**What is required:**
From the listing below, pull out all lines with "lemma" in them.

□ □ □ □ □

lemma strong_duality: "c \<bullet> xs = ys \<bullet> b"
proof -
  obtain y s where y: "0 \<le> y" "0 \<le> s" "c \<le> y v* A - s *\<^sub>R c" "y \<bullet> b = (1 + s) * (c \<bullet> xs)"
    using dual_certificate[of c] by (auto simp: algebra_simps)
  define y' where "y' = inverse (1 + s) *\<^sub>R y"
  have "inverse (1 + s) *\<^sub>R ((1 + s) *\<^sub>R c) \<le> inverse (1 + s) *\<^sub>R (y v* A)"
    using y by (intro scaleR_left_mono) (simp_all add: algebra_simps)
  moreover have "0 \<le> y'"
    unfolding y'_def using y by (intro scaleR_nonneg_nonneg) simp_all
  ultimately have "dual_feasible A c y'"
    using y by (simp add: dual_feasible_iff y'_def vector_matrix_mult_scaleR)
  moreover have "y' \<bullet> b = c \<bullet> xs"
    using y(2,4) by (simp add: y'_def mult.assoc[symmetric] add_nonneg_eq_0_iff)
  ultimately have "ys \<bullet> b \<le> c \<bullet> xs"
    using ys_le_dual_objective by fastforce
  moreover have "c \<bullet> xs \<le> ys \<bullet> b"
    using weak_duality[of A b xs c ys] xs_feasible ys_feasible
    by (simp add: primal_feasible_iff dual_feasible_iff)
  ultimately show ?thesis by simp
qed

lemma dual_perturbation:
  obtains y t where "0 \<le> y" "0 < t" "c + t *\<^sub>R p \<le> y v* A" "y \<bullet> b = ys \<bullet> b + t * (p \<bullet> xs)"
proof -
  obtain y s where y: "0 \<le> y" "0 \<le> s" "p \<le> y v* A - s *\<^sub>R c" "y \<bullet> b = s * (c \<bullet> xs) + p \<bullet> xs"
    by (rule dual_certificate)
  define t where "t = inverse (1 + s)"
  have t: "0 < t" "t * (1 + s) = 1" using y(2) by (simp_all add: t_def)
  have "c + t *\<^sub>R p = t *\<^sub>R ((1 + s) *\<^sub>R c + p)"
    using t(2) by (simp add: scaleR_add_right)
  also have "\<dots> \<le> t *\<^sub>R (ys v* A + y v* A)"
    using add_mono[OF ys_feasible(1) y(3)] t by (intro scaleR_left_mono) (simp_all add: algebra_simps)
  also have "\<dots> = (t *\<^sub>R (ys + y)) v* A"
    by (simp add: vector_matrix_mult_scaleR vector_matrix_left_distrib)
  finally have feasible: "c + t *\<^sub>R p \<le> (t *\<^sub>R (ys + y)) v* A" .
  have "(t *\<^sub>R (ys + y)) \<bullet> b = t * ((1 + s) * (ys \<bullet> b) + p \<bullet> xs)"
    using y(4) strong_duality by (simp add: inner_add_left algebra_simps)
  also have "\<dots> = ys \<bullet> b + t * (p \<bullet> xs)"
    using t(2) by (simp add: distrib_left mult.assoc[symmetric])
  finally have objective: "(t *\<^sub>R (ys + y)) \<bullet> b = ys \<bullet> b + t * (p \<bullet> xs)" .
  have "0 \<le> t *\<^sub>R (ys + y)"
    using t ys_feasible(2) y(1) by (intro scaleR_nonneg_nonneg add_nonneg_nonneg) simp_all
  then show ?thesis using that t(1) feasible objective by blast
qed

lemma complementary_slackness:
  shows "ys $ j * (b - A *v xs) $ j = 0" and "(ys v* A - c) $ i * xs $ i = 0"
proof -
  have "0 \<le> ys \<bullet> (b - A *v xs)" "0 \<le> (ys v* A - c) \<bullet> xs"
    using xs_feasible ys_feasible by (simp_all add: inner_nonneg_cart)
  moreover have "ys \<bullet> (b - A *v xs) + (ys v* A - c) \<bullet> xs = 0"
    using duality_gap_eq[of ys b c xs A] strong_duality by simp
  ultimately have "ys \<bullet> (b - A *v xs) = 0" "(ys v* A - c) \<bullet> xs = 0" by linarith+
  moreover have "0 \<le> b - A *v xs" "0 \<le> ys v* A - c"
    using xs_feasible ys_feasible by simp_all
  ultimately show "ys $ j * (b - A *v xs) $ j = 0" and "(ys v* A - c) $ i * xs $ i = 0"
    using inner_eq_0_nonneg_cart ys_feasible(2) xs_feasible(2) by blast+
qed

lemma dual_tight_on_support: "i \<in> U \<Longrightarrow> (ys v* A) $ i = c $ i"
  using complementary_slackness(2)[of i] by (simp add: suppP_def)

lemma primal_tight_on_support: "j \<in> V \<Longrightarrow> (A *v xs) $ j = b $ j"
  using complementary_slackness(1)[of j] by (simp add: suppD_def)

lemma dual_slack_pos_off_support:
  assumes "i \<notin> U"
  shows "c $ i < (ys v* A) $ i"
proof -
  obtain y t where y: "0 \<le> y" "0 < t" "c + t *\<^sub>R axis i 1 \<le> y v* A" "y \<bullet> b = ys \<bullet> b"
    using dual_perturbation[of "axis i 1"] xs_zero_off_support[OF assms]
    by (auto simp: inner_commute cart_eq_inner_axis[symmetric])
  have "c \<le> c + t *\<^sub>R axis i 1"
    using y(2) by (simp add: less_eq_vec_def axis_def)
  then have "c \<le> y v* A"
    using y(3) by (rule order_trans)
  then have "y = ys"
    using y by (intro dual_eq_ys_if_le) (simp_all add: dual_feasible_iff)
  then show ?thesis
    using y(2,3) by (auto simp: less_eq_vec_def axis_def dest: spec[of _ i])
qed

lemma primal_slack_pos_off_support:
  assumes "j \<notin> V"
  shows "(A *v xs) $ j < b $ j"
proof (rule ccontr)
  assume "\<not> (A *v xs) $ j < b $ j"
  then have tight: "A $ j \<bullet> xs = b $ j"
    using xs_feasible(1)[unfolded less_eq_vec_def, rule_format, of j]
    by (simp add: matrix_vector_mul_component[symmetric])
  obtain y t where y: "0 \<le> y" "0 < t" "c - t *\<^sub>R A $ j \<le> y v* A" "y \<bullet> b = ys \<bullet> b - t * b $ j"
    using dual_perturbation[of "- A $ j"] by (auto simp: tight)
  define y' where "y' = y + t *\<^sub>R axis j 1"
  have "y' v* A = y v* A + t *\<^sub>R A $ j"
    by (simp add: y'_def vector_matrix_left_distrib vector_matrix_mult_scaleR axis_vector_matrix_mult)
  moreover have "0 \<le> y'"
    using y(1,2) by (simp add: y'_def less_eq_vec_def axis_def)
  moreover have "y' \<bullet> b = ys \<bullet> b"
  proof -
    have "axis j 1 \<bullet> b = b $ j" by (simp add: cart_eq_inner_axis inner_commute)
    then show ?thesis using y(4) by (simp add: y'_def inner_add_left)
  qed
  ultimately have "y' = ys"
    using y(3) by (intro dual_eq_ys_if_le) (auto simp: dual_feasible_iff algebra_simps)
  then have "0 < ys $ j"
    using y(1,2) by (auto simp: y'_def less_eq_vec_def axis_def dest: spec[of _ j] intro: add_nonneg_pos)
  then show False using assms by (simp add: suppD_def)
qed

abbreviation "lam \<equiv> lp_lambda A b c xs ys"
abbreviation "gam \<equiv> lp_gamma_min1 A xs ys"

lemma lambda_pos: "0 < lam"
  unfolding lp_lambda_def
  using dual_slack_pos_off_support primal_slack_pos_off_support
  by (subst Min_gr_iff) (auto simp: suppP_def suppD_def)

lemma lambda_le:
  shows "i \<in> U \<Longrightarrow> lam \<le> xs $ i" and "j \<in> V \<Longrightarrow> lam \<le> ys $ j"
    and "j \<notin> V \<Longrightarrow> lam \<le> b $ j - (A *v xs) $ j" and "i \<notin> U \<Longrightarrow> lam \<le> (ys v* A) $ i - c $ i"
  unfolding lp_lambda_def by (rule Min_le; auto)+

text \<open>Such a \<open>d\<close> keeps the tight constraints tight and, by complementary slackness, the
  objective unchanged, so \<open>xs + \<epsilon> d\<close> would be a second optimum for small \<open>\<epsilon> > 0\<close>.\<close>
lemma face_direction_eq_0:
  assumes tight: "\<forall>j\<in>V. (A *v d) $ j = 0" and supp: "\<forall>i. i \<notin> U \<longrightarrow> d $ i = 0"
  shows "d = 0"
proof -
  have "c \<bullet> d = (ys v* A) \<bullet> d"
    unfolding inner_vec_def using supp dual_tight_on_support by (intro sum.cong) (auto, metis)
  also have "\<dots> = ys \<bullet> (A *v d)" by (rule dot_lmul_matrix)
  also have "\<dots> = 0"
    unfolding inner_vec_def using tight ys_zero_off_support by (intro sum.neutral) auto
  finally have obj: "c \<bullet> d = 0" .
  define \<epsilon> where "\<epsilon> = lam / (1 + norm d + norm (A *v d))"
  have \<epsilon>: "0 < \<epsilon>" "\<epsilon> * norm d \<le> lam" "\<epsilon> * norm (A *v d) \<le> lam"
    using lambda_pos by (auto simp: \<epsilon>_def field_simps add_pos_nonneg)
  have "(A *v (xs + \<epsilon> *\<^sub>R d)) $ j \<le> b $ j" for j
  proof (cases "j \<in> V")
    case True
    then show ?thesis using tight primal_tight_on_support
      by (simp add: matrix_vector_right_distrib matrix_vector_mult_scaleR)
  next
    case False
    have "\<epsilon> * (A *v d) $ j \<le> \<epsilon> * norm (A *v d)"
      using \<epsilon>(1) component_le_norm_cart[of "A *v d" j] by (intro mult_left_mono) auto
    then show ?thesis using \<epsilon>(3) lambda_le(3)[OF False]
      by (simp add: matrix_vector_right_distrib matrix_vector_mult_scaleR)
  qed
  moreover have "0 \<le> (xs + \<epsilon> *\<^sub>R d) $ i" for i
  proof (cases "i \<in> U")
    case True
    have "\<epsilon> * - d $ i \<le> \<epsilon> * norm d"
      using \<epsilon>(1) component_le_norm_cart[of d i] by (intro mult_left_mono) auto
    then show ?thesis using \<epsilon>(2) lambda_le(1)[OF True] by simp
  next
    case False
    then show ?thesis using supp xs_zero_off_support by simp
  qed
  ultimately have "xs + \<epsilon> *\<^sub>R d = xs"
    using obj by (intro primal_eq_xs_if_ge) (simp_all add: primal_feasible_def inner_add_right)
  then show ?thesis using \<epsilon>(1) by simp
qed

□ □ □ □ □

**Written answer:**
lemma strong_duality: "c \<bullet> xs = ys \<bullet> b"
lemma dual_perturbation:
lemma complementary_slackness:
lemma dual_tight_on_support: "i \<in> U \<Longrightarrow> (ys v* A) $ i = c $ i"
lemma primal_tight_on_support: "j \<in> V \<Longrightarrow> (A *v xs) $ j = b $ j"
lemma dual_slack_pos_off_support:
lemma primal_slack_pos_off_support:
lemma lambda_pos: "0 < lam"
lemma lambda_le:
lemma face_direction_eq_0:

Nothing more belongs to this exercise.